_Task instructions_
What is needed is an exact copy of every line in the listing.

_Supplied records_
··········

lemma sgn_wmean_reweight_diff:
  assumes "\<And>y. 0 < t y" "(\<Sum>y\<in>UNIV. t y) = 1" "\<And>y. 0 < t' y" "(\<Sum>y\<in>UNIV. t' y) = 1" "\<And>y. 0 < s y"
  shows "sgn (wmean (\<lambda>y. t y * s y) u - wmean (\<lambda>y. t' y * s y) u) = sgn (u True - u False) * sgn (t True - t' True)"
proof -
  have t_False: "t False = 1 - t True" "t' False = 1 - t' True"
    using assms(2,4) by (simp_all add: UNIV_bool)
  have "t True * s True * (t' False * s False) - t False * s False * (t' True * s True)
      = s True * s False * (t True - t' True)"
    unfolding t_False by (simp add: algebra_simps)
  then show ?thesis
    using assms by (subst sgn_wmean_diff) (simp_all add: sgn_mult)
qed

lemma sgn_wmean_reweight_bias:
  assumes "\<And>y. 0 < t y" "\<And>y. 0 < s y"
  shows "sgn (wmean (\<lambda>y. t y * s y) u - wmean t u) = sgn (u True - u False) * sgn (s True - s False)"
proof -
  have "t True * s True * t False - t False * s False * t True = t True * t False * (s True - s False)"
    by (simp add: algebra_simps)
  then show ?thesis
    using assms by (subst sgn_wmean_diff) (simp_all add: sgn_mult)
qed

lemma sgn_pos_combination:
  fixes a b p q :: real
  assumes "sgn a = sgn b" "0 < p" "0 < q"
  shows "sgn (p * a + q * b) = sgn a"
proof -
  consider "0 < a" "0 < b" | "a = 0" "b = 0" | "a < 0" "b < 0"
    using assms(1) by (auto simp: sgn_if split: if_splits)
  then show ?thesis
    using assms(2,3) by cases (simp_all add: add_pos_pos add_neg_neg mult_pos_neg)
qed

lemma le_if_sgn_diff_eq_sgn_product:
  fixes s t a b c e :: real
  assumes "sgn (s - t) = sgn ((a - b) * (c - e))"
  shows "(b \<le> a \<and> e \<le> c) \<or> (a \<le> b \<and> c \<le> e) \<Longrightarrow> t \<le> s"
    and "(b \<le> a \<and> c \<le> e) \<or> (a \<le> b \<and> e \<le> c) \<Longrightarrow> s \<le> t"
proof -
  have "t \<le> s \<longleftrightarrow> 0 \<le> (a - b) * (c - e)" "s \<le> t \<longleftrightarrow> (a - b) * (c - e) \<le> 0"
    using zero_le_sgn_iff[of "s - t"] sgn_le_0_iff[of "s - t"] assms by simp_all
  then show "(b \<le> a \<and> e \<le> c) \<or> (a \<le> b \<and> c \<le> e) \<Longrightarrow> t \<le> s"
    and "(b \<le> a \<and> c \<le> e) \<or> (a \<le> b \<and> e \<le> c) \<Longrightarrow> s \<le> t"
    by (auto simp: zero_le_mult_iff mult_le_0_iff)
qed

section \<open>Random variables with finitely many values\<close>

lemma pr_mult_cprob: "pr M Q \<noteq> 0 \<Longrightarrow> pr M Q * cprob M P Q = pr M (\<lambda>\<omega>. P \<omega> \<and> Q \<omega>)"
  by (simp add: cprob_def)

lemma (in prob_space) pr_eq_sum_values:
  fixes X :: "'a \<Rightarrow> 'b::finite"
  assumes [measurable]: "X \<in> measurable M (count_space UNIV)" "Measurable.pred M Q"
  shows "pr M Q = (\<Sum>y\<in>UNIV. pr M (\<lambda>\<omega>. Q \<omega> \<and> X \<omega> = y))"
  unfolding pr_def by (rule prob_sum) auto

lemma (in prob_space) pr_values_sum_1:
  fixes X :: "'a \<Rightarrow> 'b::finite"
  assumes [measurable]: "X \<in> measurable M (count_space UNIV)"
  shows "(\<Sum>y\<in>UNIV. pr M (\<lambda>\<omega>. X \<omega> = y)) = 1"
  using pr_eq_sum_values[of X "\<lambda>_. True"] by (simp add: pr_def prob_space)

lemma (in prob_space) cprob_values_sum_1:
  fixes X :: "'a \<Rightarrow> 'b::finite"
  assumes [measurable]: "X \<in> measurable M (count_space UNIV)" "Measurable.pred M Q"
    and "pr M Q \<noteq> 0"
  shows "(\<Sum>y\<in>UNIV. cprob M (\<lambda>\<omega>. X \<omega> = y) Q) = 1"
proof -
  have "(\<lambda>\<omega>. X \<omega> = y \<and> Q \<omega>) = (\<lambda>\<omega>. Q \<omega> \<and> X \<omega> = y)" for y
    by auto
  then show ?thesis
    using assms(3) by (simp add: cprob_def sum_divide_distrib[symmetric] pr_eq_sum_values[OF assms(1,2), symmetric])
qed

lemma (in prob_space) set_integral_eq_sum_values:
  fixes X :: "'a \<Rightarrow> 'b::finite" and Y :: "'a \<Rightarrow> real"
  assumes [measurable]: "X \<in> measurable M (count_space UNIV)" "Measurable.pred M Q"
    and "integrable M Y"
  shows "(LINT \<omega>:{\<omega>\<in>space M. Q \<omega>}|M. Y \<omega>) = (\<Sum>y\<in>UNIV. LINT \<omega>:{\<omega>\<in>space M. Q \<omega> \<and> X \<omega> = y}|M. Y \<omega>)"
proof -
  have "{\<omega>\<in>space M. Q \<omega>} = (\<Union>y. {\<omega>\<in>space M. Q \<omega> \<and> X \<omega> = y})"
    by auto
  moreover have "set_integrable M {\<omega>\<in>space M. Q \<omega> \<and> X \<omega> = y} Y" for y
    unfolding set_integrable_def by (rule integrable_mult_indicator) (auto simp: assms(3))
  ultimately show ?thesis
    by (simp only:) (rule set_integral_finite_Union, auto simp: disjoint_family_on_def)
qed

lemma (in prob_space) cexp_eq_wmean:
  fixes X :: "'a \<Rightarrow> 'b::finite"
  assumes [measurable]: "X \<in> measurable M (count_space UNIV)" "Measurable.pred M Q"
    and "integrable M Y" and "\<And>y. pr M (\<lambda>\<omega>. Q \<omega> \<and> X \<omega> = y) \<noteq> 0"
  shows "cexp M Y Q = wmean (\<lambda>y. pr M (\<lambda>\<omega>. Q \<omega> \<and> X \<omega> = y)) (\<lambda>y. cexp M Y (\<lambda>\<omega>. Q \<omega> \<and> X \<omega> = y))"
  unfolding cexp_def wmean_def set_integral_eq_sum_values[OF assms(1-3)] pr_eq_sum_values[OF assms(1,2)]
  using assms(4) by simp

··········

_Response to this task_
lemma sgn_wmean_reweight_diff:
  assumes "\<And>y. 0 < t y" "(\<Sum>y\<in>UNIV. t y) = 1" "\<And>y. 0 < t' y" "(\<Sum>y\<in>UNIV. t' y) = 1" "\<And>y. 0 < s y"
  shows "sgn (wmean (\<lambda>y. t y * s y) u - wmean (\<lambda>y. t' y * s y) u) = sgn (u True - u False) * sgn (t True - t' True)"
proof -
  have t_False: "t False = 1 - t True" "t' False = 1 - t' True"
    using assms(2,4) by (simp_all add: UNIV_bool)
  have "t True * s True * (t' False * s False) - t False * s False * (t' True * s True)
      = s True * s False * (t True - t' True)"
    unfolding t_False by (simp add: algebra_simps)
  then show ?thesis
    using assms by (subst sgn_wmean_diff) (simp_all add: sgn_mult)
qed

lemma sgn_wmean_reweight_bias:
  assumes "\<And>y. 0 < t y" "\<And>y. 0 < s y"
  shows "sgn (wmean (\<lambda>y. t y * s y) u - wmean t u) = sgn (u True - u False) * sgn (s True - s False)"
proof -
  have "t True * s True * t False - t False * s False * t True = t True * t False * (s True - s False)"
    by (simp add: algebra_simps)
  then show ?thesis
    using assms by (subst sgn_wmean_diff) (simp_all add: sgn_mult)
qed

lemma sgn_pos_combination:
  fixes a b p q :: real
  assumes "sgn a = sgn b" "0 < p" "0 < q"
  shows "sgn (p * a + q * b) = sgn a"
proof -
  consider "0 < a" "0 < b" | "a = 0" "b = 0" | "a < 0" "b < 0"
    using assms(1) by (auto simp: sgn_if split: if_splits)
  then show ?thesis
    using assms(2,3) by cases (simp_all add: add_pos_pos add_neg_neg mult_pos_neg)
qed

lemma le_if_sgn_diff_eq_sgn_product:
  fixes s t a b c e :: real
  assumes "sgn (s - t) = sgn ((a - b) * (c - e))"
  shows "(b \<le> a \<and> e \<le> c) \<or> (a \<le> b \<and> c \<le> e) \<Longrightarrow> t \<le> s"
    and "(b \<le> a \<and> c \<le> e) \<or> (a \<le> b \<and> e \<le> c) \<Longrightarrow> s \<le> t"
proof -
  have "t \<le> s \<longleftrightarrow> 0 \<le> (a - b) * (c - e)" "s \<le> t \<longleftrightarrow> (a - b) * (c - e) \<le> 0"
    using zero_le_sgn_iff[of "s - t"] sgn_le_0_iff[of "s - t"] assms by simp_all
  then show "(b \<le> a \<and> e \<le> c) \<or> (a \<le> b \<and> c \<le> e) \<Longrightarrow> t \<le> s"
    and "(b \<le> a \<and> c \<le> e) \<or> (a \<le> b \<and> e \<le> c) \<Longrightarrow> s \<le> t"
    by (auto simp: zero_le_mult_iff mult_le_0_iff)
qed

section \<open>Random variables with finitely many values\<close>

lemma pr_mult_cprob: "pr M Q \<noteq> 0 \<Longrightarrow> pr M Q * cprob M P Q = pr M (\<lambda>\<omega>. P \<omega> \<and> Q \<omega>)"
  by (simp add: cprob_def)

lemma (in prob_space) pr_eq_sum_values:
  fixes X :: "'a \<Rightarrow> 'b::finite"
  assumes [measurable]: "X \<in> measurable M (count_space UNIV)" "Measurable.pred M Q"
  shows "pr M Q = (\<Sum>y\<in>UNIV. pr M (\<lambda>\<omega>. Q \<omega> \<and> X \<omega> = y))"
  unfolding pr_def by (rule prob_sum) auto

lemma (in prob_space) pr_values_sum_1:
  fixes X :: "'a \<Rightarrow> 'b::finite"
  assumes [measurable]: "X \<in> measurable M (count_space UNIV)"
  shows "(\<Sum>y\<in>UNIV. pr M (\<lambda>\<omega>. X \<omega> = y)) = 1"
  using pr_eq_sum_values[of X "\<lambda>_. True"] by (simp add: pr_def prob_space)

lemma (in prob_space) cprob_values_sum_1:
  fixes X :: "'a \<Rightarrow> 'b::finite"
  assumes [measurable]: "X \<in> measurable M (count_space UNIV)" "Measurable.pred M Q"
    and "pr M Q \<noteq> 0"
  shows "(\<Sum>y\<in>UNIV. cprob M (\<lambda>\<omega>. X \<omega> = y) Q) = 1"
proof -
  have "(\<lambda>\<omega>. X \<omega> = y \<and> Q \<omega>) = (\<lambda>\<omega>. Q \<omega> \<and> X \<omega> = y)" for y
    by auto
  then show ?thesis
    using assms(3) by (simp add: cprob_def sum_divide_distrib[symmetric] pr_eq_sum_values[OF assms(1,2), symmetric])
qed

lemma (in prob_space) set_integral_eq_sum_values:
  fixes X :: "'a \<Rightarrow> 'b::finite" and Y :: "'a \<Rightarrow> real"
  assumes [measurable]: "X \<in> measurable M (count_space UNIV)" "Measurable.pred M Q"
    and "integrable M Y"
  shows "(LINT \<omega>:{\<omega>\<in>space M. Q \<omega>}|M. Y \<omega>) = (\<Sum>y\<in>UNIV. LINT \<omega>:{\<omega>\<in>space M. Q \<omega> \<and> X \<omega> = y}|M. Y \<omega>)"
proof -
  have "{\<omega>\<in>space M. Q \<omega>} = (\<Union>y. {\<omega>\<in>space M. Q \<omega> \<and> X \<omega> = y})"
    by auto
  moreover have "set_integrable M {\<omega>\<in>space M. Q \<omega> \<and> X \<omega> = y} Y" for y
    unfolding set_integrable_def by (rule integrable_mult_indicator) (auto simp: assms(3))
  ultimately show ?thesis
    by (simp only:) (rule set_integral_finite_Union, auto simp: disjoint_family_on_def)
qed

lemma (in prob_space) cexp_eq_wmean:
  fixes X :: "'a \<Rightarrow> 'b::finite"
  assumes [measurable]: "X \<in> measurable M (count_space UNIV)" "Measurable.pred M Q"
    and "integrable M Y" and "\<And>y. pr M (\<lambda>\<omega>. Q \<omega> \<and> X \<omega> = y) \<noteq> 0"
  shows "cexp M Y Q = wmean (\<lambda>y. pr M (\<lambda>\<omega>. Q \<omega> \<and> X \<omega> = y)) (\<lambda>y. cexp M Y (\<lambda>\<omega>. Q \<omega> \<and> X \<omega> = y))"
  unfolding cexp_def wmean_def set_integral_eq_sum_values[OF assms(1-3)] pr_eq_sum_values[OF assms(1,2)]
  using assms(4) by simp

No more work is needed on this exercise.